Exercise directions: All lines in the material containing the word "that" need to be copied.

____

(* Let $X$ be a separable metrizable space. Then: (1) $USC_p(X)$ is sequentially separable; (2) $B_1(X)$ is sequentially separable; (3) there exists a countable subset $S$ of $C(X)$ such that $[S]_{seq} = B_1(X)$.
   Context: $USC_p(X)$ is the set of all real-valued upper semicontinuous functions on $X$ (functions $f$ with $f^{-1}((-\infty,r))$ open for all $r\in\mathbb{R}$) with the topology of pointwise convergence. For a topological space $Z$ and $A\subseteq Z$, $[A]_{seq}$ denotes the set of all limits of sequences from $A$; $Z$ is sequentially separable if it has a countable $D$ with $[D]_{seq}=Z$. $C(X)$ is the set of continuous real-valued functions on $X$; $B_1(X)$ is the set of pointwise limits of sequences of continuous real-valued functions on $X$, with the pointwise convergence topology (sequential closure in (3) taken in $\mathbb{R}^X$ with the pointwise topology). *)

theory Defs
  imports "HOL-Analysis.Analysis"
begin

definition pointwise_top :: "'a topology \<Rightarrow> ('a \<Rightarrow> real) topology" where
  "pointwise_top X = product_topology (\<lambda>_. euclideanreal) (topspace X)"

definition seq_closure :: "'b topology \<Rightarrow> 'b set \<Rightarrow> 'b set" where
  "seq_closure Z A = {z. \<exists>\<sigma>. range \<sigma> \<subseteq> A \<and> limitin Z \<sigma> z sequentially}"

____

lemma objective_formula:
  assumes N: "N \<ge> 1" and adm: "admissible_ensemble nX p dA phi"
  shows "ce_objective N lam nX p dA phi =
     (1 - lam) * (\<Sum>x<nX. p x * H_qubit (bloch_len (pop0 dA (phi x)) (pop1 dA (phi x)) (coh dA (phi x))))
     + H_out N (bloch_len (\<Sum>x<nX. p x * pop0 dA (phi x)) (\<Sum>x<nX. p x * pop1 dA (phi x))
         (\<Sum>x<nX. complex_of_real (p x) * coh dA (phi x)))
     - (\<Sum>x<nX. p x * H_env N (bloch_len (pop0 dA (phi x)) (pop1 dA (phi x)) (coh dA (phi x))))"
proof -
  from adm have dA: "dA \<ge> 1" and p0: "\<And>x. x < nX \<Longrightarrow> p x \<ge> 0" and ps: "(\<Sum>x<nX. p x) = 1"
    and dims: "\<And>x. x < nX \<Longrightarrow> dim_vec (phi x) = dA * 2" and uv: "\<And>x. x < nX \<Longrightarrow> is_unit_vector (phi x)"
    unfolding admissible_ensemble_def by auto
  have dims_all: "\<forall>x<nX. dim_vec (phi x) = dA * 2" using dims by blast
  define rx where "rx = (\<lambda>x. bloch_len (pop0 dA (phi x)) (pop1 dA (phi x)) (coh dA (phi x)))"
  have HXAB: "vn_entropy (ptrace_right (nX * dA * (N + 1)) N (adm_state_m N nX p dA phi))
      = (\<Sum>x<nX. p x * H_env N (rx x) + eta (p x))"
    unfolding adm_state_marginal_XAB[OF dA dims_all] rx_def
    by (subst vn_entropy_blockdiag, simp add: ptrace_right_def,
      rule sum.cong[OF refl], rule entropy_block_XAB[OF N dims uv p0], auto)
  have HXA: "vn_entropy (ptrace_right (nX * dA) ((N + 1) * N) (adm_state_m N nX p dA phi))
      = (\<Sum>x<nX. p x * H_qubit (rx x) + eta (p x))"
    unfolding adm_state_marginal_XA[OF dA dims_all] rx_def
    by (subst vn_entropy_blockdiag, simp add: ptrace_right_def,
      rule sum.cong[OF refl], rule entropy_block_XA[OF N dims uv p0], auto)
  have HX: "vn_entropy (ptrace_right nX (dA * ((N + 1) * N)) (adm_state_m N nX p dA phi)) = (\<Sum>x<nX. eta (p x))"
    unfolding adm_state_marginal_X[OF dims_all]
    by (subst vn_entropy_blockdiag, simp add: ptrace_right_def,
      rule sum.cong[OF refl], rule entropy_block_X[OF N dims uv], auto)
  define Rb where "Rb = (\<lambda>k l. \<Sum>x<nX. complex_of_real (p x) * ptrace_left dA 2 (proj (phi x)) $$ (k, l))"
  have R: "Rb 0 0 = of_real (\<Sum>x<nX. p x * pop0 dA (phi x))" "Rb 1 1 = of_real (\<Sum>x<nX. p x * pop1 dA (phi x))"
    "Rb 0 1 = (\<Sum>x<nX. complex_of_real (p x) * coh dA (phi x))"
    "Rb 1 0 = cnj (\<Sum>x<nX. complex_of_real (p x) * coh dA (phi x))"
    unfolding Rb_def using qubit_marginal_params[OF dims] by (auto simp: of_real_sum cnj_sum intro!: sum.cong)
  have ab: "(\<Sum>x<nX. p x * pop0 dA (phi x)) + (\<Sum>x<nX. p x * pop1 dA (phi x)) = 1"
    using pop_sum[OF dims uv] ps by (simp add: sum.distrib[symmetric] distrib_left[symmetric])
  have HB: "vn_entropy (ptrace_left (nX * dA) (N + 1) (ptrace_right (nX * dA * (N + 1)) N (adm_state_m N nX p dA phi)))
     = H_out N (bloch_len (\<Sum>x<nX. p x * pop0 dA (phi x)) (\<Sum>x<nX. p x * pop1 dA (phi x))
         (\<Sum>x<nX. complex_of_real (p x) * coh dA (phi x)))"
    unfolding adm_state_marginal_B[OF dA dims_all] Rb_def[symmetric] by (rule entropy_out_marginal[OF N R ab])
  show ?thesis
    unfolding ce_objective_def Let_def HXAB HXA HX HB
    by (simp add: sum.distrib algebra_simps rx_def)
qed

____

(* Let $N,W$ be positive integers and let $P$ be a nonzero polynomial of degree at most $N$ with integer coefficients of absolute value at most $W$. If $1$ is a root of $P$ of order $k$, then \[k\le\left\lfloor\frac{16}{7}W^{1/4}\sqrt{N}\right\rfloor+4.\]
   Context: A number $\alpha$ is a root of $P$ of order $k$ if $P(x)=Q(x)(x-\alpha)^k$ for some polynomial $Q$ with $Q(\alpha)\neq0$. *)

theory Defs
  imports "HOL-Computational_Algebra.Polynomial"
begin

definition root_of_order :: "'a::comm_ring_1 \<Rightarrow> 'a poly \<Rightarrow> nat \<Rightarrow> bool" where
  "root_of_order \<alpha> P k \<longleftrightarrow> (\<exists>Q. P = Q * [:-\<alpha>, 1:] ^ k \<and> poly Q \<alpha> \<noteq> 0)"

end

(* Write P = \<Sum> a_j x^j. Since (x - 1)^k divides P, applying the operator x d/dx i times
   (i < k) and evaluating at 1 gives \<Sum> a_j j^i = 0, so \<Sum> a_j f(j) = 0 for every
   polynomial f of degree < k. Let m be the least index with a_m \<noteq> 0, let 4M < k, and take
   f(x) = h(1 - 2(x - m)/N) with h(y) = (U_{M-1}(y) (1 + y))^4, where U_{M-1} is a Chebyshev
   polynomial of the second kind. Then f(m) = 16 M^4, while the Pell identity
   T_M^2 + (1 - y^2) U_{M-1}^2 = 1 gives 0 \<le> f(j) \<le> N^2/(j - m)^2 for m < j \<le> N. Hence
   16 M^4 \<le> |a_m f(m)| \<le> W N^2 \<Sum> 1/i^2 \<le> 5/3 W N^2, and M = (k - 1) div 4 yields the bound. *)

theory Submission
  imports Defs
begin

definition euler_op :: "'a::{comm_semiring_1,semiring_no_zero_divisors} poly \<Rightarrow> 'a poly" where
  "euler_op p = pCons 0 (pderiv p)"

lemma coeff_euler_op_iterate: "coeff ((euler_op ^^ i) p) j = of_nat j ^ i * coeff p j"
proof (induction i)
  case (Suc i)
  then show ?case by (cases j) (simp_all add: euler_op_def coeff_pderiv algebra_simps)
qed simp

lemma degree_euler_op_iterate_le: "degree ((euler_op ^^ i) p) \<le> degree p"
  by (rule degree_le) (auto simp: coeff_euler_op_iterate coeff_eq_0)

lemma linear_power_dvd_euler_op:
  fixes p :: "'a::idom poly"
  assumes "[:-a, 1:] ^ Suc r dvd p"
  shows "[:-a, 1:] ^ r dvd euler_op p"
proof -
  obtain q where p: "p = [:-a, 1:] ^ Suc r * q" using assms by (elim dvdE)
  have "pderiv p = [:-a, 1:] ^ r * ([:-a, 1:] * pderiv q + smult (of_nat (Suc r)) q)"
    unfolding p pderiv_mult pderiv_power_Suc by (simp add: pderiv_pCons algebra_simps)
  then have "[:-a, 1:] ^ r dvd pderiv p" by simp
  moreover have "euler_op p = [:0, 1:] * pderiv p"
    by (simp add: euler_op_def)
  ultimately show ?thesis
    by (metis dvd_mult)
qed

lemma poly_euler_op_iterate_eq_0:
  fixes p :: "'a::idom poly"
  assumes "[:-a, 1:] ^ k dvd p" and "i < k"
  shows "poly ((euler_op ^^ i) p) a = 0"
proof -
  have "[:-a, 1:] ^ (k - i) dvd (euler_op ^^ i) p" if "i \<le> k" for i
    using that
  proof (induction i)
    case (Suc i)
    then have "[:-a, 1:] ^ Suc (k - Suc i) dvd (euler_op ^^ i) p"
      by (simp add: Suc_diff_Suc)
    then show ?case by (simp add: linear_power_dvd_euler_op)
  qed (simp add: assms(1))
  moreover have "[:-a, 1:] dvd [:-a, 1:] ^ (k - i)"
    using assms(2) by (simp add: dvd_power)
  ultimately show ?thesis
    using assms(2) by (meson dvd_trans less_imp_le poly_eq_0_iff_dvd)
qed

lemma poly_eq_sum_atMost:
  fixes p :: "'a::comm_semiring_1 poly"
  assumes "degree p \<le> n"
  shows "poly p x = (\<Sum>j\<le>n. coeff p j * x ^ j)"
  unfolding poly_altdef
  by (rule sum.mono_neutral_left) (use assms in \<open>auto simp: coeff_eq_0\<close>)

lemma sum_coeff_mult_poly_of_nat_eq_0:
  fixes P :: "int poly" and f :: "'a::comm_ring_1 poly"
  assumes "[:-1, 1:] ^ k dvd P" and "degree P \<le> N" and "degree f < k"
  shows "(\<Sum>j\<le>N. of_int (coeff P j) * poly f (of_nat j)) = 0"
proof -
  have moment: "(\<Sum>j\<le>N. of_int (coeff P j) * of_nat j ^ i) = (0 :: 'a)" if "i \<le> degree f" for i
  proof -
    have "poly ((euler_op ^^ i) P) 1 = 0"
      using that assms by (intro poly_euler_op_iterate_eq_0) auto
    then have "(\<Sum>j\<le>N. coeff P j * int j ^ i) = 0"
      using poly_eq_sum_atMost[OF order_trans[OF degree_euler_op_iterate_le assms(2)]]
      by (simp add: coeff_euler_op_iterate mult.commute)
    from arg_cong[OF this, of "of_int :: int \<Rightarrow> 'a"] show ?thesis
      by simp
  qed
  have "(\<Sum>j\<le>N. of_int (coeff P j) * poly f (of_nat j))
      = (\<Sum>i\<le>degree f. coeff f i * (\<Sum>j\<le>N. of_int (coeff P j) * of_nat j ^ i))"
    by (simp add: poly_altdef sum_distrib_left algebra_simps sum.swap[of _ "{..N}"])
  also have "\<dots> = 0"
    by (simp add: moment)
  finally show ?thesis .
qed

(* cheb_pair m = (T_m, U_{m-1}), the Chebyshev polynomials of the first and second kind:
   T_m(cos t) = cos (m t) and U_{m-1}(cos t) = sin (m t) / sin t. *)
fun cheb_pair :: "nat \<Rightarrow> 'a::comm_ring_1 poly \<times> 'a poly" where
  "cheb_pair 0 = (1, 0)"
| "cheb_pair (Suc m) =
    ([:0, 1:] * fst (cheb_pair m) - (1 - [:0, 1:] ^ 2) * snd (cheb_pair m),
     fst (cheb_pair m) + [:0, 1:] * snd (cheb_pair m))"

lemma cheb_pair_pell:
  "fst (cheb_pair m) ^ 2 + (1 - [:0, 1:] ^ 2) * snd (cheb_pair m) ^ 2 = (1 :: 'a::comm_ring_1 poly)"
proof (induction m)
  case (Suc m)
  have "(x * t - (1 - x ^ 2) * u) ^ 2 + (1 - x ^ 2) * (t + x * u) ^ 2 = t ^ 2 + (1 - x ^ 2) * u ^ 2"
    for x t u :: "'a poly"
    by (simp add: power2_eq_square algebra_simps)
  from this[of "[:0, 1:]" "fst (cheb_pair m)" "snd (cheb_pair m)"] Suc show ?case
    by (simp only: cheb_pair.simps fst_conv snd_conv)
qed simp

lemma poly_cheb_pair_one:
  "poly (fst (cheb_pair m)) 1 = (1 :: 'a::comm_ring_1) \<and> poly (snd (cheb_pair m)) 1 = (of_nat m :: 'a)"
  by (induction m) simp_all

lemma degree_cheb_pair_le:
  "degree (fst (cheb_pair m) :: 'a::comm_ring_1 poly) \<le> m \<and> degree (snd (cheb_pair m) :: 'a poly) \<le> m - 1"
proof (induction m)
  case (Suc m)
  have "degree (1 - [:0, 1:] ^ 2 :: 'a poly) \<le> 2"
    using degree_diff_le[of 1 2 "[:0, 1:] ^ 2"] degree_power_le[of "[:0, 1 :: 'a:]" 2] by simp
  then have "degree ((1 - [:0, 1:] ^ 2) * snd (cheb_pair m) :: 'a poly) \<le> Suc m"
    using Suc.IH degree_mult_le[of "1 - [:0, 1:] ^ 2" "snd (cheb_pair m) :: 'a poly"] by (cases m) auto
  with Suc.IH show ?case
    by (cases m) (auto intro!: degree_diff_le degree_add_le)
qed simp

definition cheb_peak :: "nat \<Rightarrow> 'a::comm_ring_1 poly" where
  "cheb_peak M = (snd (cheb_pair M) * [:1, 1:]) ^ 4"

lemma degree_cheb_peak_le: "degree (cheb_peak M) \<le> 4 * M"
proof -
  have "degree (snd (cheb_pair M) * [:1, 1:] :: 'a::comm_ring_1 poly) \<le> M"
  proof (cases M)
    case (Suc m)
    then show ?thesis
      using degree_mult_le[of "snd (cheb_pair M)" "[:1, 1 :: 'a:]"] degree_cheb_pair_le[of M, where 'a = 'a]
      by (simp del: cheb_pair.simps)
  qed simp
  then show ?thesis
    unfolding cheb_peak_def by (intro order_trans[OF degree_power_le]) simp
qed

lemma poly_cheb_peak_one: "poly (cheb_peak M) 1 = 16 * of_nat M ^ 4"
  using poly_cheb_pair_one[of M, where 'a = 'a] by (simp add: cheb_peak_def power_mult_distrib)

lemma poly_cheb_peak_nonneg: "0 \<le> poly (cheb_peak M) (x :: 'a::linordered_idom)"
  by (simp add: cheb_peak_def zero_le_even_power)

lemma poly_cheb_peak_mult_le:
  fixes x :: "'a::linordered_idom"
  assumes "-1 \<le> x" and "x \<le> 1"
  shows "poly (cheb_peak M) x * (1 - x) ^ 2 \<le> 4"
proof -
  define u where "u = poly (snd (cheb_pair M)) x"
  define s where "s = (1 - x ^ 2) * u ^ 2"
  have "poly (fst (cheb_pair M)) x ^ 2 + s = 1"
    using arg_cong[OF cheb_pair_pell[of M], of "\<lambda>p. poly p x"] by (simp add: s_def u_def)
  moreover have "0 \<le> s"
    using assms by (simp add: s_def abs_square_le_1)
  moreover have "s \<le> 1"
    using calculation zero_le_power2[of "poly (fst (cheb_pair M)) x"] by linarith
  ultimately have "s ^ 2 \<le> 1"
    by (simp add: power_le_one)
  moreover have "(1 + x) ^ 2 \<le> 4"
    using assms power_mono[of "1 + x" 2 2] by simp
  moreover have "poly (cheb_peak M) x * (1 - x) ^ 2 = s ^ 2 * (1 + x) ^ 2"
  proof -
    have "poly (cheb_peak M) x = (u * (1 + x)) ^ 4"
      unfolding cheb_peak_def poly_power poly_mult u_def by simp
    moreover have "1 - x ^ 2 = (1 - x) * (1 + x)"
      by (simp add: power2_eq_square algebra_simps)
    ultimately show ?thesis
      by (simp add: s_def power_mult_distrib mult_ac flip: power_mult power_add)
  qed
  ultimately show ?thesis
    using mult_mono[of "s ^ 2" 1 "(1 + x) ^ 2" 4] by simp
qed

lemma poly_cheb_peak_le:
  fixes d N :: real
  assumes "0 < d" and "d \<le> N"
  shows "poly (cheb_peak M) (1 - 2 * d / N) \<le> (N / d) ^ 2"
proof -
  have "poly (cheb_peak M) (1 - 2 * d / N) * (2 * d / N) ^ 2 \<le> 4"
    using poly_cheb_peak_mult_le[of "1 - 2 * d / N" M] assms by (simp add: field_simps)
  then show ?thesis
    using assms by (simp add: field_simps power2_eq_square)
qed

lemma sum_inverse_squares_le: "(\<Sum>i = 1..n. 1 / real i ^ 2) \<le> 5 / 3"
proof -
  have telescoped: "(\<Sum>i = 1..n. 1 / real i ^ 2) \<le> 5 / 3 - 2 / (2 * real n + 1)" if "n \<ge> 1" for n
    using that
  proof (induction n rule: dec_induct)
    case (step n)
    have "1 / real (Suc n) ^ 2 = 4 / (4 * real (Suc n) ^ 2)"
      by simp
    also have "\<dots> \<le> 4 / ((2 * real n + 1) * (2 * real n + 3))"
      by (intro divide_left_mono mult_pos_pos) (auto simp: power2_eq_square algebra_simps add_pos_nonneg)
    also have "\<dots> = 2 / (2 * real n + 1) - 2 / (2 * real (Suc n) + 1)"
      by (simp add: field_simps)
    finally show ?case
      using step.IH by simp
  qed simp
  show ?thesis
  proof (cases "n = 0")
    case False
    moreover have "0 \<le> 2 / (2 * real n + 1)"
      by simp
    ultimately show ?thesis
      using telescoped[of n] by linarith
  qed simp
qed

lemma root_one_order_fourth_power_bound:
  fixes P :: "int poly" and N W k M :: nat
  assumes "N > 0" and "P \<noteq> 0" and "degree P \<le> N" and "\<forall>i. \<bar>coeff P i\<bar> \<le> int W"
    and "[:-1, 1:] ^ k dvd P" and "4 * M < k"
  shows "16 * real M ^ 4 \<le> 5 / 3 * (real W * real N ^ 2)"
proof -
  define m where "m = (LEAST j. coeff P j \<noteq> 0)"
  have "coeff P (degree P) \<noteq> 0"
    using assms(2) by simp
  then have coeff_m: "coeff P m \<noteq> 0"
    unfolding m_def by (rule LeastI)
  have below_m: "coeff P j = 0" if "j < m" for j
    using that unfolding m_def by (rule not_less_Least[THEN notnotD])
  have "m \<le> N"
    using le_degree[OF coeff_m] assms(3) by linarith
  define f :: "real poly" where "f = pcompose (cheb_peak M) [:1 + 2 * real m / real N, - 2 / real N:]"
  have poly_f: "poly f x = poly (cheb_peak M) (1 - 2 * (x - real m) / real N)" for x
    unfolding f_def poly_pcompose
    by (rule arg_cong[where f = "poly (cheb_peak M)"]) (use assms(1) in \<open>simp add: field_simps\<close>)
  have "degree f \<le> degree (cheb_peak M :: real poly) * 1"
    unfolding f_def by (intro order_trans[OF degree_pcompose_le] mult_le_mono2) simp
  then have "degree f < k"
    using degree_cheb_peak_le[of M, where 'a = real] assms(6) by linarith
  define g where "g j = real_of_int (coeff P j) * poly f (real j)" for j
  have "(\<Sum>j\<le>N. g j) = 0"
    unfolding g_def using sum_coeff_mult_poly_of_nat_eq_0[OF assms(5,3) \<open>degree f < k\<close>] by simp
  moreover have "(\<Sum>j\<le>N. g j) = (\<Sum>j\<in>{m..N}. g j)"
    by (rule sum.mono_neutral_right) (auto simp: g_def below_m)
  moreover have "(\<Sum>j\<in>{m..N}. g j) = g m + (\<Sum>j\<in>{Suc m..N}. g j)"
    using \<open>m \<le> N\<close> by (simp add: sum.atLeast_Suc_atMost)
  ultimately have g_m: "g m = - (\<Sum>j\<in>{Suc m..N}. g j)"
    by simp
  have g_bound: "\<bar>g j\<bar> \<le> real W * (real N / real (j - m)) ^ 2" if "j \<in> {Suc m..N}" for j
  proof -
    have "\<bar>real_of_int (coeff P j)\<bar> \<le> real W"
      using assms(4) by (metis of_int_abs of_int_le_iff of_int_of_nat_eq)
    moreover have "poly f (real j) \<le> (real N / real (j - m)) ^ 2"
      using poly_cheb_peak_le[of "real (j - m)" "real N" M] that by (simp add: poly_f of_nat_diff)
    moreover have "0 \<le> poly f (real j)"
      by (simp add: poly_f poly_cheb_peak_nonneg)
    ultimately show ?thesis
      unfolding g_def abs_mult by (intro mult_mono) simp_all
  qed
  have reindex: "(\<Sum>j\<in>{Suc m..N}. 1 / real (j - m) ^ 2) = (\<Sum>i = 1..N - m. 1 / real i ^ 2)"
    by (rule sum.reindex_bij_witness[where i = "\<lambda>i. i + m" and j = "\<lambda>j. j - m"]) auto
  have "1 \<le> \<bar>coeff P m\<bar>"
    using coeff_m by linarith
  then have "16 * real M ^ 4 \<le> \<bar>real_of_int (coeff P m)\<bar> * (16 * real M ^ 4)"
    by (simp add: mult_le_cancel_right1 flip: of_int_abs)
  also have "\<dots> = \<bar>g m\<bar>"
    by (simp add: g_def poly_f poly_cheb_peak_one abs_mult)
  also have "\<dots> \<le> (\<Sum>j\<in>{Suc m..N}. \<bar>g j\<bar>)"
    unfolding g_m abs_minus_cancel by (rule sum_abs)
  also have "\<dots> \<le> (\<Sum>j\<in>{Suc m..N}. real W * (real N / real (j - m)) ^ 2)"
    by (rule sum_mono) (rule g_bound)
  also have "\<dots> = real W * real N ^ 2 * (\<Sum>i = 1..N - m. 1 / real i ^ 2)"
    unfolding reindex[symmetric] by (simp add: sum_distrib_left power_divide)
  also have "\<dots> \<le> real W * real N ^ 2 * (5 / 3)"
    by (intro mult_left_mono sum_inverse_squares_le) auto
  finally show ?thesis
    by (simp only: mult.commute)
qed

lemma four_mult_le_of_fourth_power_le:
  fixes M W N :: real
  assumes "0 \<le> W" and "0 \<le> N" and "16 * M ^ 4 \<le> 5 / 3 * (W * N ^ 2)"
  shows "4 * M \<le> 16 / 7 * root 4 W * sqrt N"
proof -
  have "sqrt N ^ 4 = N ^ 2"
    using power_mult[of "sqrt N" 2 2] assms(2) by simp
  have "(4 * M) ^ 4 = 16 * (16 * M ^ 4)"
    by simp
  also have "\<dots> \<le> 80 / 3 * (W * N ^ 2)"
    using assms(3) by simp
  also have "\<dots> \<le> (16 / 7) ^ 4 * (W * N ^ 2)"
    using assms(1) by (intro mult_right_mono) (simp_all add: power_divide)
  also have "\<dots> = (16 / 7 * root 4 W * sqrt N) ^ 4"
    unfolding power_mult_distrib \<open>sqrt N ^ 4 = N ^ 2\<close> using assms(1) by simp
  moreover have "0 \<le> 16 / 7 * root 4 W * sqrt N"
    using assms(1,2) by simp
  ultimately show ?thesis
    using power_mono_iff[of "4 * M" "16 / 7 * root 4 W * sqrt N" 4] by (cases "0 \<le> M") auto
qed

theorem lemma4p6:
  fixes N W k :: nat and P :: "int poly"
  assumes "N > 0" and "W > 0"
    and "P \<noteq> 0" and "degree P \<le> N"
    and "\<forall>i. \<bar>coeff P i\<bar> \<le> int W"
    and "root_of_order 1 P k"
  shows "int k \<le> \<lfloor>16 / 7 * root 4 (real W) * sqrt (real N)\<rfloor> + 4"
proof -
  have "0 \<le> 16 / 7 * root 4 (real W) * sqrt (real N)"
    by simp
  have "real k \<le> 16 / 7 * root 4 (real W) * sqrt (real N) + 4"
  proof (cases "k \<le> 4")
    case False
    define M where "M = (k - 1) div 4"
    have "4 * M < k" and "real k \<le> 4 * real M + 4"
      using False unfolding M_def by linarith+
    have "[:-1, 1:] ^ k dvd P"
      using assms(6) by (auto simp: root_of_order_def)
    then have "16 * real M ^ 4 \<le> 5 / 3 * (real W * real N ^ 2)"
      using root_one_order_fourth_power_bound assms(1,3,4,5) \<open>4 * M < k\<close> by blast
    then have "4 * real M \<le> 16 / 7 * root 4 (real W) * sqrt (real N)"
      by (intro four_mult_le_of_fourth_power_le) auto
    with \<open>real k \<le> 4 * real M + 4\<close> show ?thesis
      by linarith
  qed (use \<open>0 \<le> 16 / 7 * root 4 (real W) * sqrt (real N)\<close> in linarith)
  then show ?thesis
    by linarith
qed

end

____

Answer box:
(* Let $X$ be a separable metrizable space. Then: (1) $USC_p(X)$ is sequentially separable; (2) $B_1(X)$ is sequentially separable; (3) there exists a countable subset $S$ of $C(X)$ such that $[S]_{seq} = B_1(X)$.
    using that
      using that assms by (intro poly_euler_op_iterate_eq_0) auto
    using that
    using that unfolding m_def by (rule not_less_Least[THEN notnotD])
      using poly_cheb_peak_le[of "real (j - m)" "real N" M] that by (simp add: poly_f of_nat_diff)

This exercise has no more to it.